(* The direction (2) => (1) is elementary: an operator stabilizing a flag maps every
   union of flag members into itself, and every operator preserves {0} and the
   whole space.

   The direction (1) => (2) only needs the rank-one operators y |-> <v,y> z.  If (G1, G2) is an immediate pair and
   v annihilates G1, then y |-> <v,y> z stabilizes G for every z in G2.  Hence an
   annihilator L that is stable under all rank-one operators stabilizing G absorbs
   G2 as soon as it contains a vector y outside the closure of G1; semiclosedness
   turns this into: L contains the whole jump pair of each of its vectors.  From
   this, L is the union of the members it contains and the intersection of the
   members containing it (annihilator_cover). *)

lemma orthW_orthV_least: "G \<subseteq> orthW q F \<Longrightarrow> orthW q (orthV q G) \<subseteq> orthW q F"
  unfolding orthW_def orthV_def by blast

lemma not_in_closure_witness:
  assumes "y \<notin> orthW q (orthV q H)"
  obtains v where "v \<in> orthV q H" and "q v y \<noteq> 0"
  using assms unfolding orthW_def by blast

lemma orthW_transpose: "orthW (\<lambda>w u. p u w) G = orthV p G"
  unfolding orthW_def orthV_def ..

lemma orthV_transpose: "orthV (\<lambda>w u. p u w) F = orthW p F"
  unfolding orthW_def orthV_def ..

definition preserves :: "'a set set \<Rightarrow> ('a \<Rightarrow> 'a) \<Rightarrow> bool" where
  "preserves \<A> f \<longleftrightarrow> (\<forall>A\<in>\<A>. \<forall>x\<in>A. f x \<in> A)"

text \<open>The rank-one operator \<open>y \<mapsto> q v y \<cdot> z\<close>, i.e.\ the action of the tensor \<open>z \<otimes> v\<close>.\<close>
definition rank_one :: "(complex \<Rightarrow> 'a \<Rightarrow> 'a) \<Rightarrow> ('b \<Rightarrow> 'a \<Rightarrow> complex) \<Rightarrow> 'b \<Rightarrow> 'a \<Rightarrow> 'a \<Rightarrow> 'a"
  where "rank_one s q v z y = s (q v y) z"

---

DIRECTIONS: Only the lines from the one containing "w) F = orthW" through the end of the records above belong in the answer, each exactly as written.

YOUR SOLUTION:
lemma orthV_transpose: "orthV (\<lambda>w u. p u w) F = orthW p F"
  unfolding orthW_def orthV_def ..

definition preserves :: "'a set set \<Rightarrow> ('a \<Rightarrow> 'a) \<Rightarrow> bool" where
  "preserves \<A> f \<longleftrightarrow> (\<forall>A\<in>\<A>. \<forall>x\<in>A. f x \<in> A)"

text \<open>The rank-one operator \<open>y \<mapsto> q v y \<cdot> z\<close>, i.e.\ the action of the tensor \<open>z \<otimes> v\<close>.\<close>
definition rank_one :: "(complex \<Rightarrow> 'a \<Rightarrow> 'a) \<Rightarrow> ('b \<Rightarrow> 'a \<Rightarrow> complex) \<Rightarrow> 'b \<Rightarrow> 'a \<Rightarrow> 'a \<Rightarrow> 'a"
  where "rank_one s q v z y = s (q v y) z"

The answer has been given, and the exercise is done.